- [Records shown]:
(* Let $n\ge 2$ and $0\le r\le n-1$ be integers and let $B_r=X^{(\le r)}\cup\{B\in X^{(r+1)}\cup X^{(r+2)}: \{1,2\}\subseteq B\}\subseteq Q_n$. Then $|B_r|=g_r=\sum_{j=0}^{r}\binom{n}{j}+\binom{n-1}{r}$, and $B_r$ is extremal, i.e. $N^t(B_r)$ and $N^t(B_r^c)$ are minimal for every integer $t>0$.
   Context: $X=[n]=\{1,\dots,n\}$, $X^{(j)}=\{B\subseteq X:|B|=j\}$, $X^{(\le j)}=\bigcup_{i\le j}X^{(i)}$. $Q_n$ is the hypercube with vertex set the power set of $[n]$ and metric $d(x,y)=|x\Delta y|$. For $A\subseteq Q_n$ and $t>0$, $N^t(A)=\{x\in Q_n:\min_{y\in A}d(x,y)\le t\}$; $N^t(A)$ is minimal if $|N^t(A)|\le |N^t(B)|$ for all $B\subseteq Q_n$ with $|B|=|A|$. $A$ is extremal if $N^t(A)$ and $N^t(Q_n\setminus A)$ are minimal for all $t>0$. *)

theory Defs
  imports Main
begin

definition cube :: "nat \<Rightarrow> nat set set" where
  "cube n = Pow {1..n}"

definition hdist :: "nat set \<Rightarrow> nat set \<Rightarrow> nat" where
  "hdist x y = card ((x - y) \<union> (y - x))"

definition nbhd :: "nat \<Rightarrow> nat \<Rightarrow> nat set set \<Rightarrow> nat set set" where
  "nbhd n t A = {x \<in> cube n. \<exists>y\<in>A. hdist x y \<le> t}"

definition nbhd_minimal :: "nat \<Rightarrow> nat \<Rightarrow> nat set set \<Rightarrow> bool" where
  "nbhd_minimal n t A \<longleftrightarrow>
     (\<forall>B. B \<subseteq> cube n \<longrightarrow> card B = card A \<longrightarrow> card (nbhd n t A) \<le> card (nbhd n t B))"

definition extremal :: "nat \<Rightarrow> nat set set \<Rightarrow> bool" where
  "extremal n A \<longleftrightarrow>
     (\<forall>t>0. nbhd_minimal n t A \<and> nbhd_minimal n t (cube n - A))"

definition Bset :: "nat \<Rightarrow> nat \<Rightarrow> nat set set" where
  "Bset n r = {B \<in> cube n. card B \<le> r}
     \<union> {B \<in> cube n. (card B = r + 1 \<or> card B = r + 2) \<and> {1,2} \<subseteq> B}"

end

theory Submission
  imports Defs
begin

(* Harper's vertex-isoperimetric theorem: order the subsets of a finite set X by size and, among sets
   of equal size, let the one containing the least element of the symmetric difference come first.
   Initial segments S of this simplicial order have the smallest closed neighbourhoods,
   |N(S)| <= |N(A)| whenever |S| <= |A|, and N(S) is again an initial segment.  The proof is by
   induction on |X|: among the sets of a given size whose neighbourhood is no larger than that of A,
   one of least total rank is fixed by every i-compression (which replaces the two halves of a set
   along coordinate i by initial segments of the subcube), and a set that is compressed in every
   direction is either an initial segment or arises from one by replacing its last element x with
   X - x; undoing this swap does not enlarge the neighbourhood.

   For X = [n] the Hamming ball of radius r together with the (r+1)-sets containing 1 is an initial
   segment T_r with |T_r| = |B_r| and N^t(T_r) = T_(r+t), while N^t(B_r) lies in B_(r+t); hence
   N^t(B_r) is minimal.  Complementation reverses the simplicial order and is an isometry, so
   Q_n - T_r is isometric to an initial segment.  Its t-neighbourhood contains Q_n - T_(r-t), whereas
   N^t(Q_n - B_r) lies in Q_n - B_(r-t), which gives minimality of N^t(Q_n - B_r). *)

section \<open>The simplicial order\<close>

definition lex_before :: "'a::linorder set \<Rightarrow> 'a set \<Rightarrow> bool" where
  "lex_before x y \<longleftrightarrow> (\<exists>a. a \<in> x \<and> a \<notin> y \<and> (\<forall>b<a. b \<in> x \<longleftrightarrow> b \<in> y))"

definition simplicial_less :: "'a::linorder set \<Rightarrow> 'a set \<Rightarrow> bool" (infix "\<prec>" 50) where
  "x \<prec> y \<longleftrightarrow> card x < card y \<or> (card x = card y \<and> lex_before x y)"

lemma lex_before_irrefl: "\<not> lex_before x x"
  unfolding lex_before_def by blast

- [Problem to solve]: Check every line of the data above for the string "prec", and copy those that have it.

- [Written answer]:
definition simplicial_less :: "'a::linorder set \<Rightarrow> 'a set \<Rightarrow> bool" (infix "\<prec>" 50) where
  "x \<prec> y \<longleftrightarrow> card x < card y \<or> (card x = card y \<and> lex_before x y)"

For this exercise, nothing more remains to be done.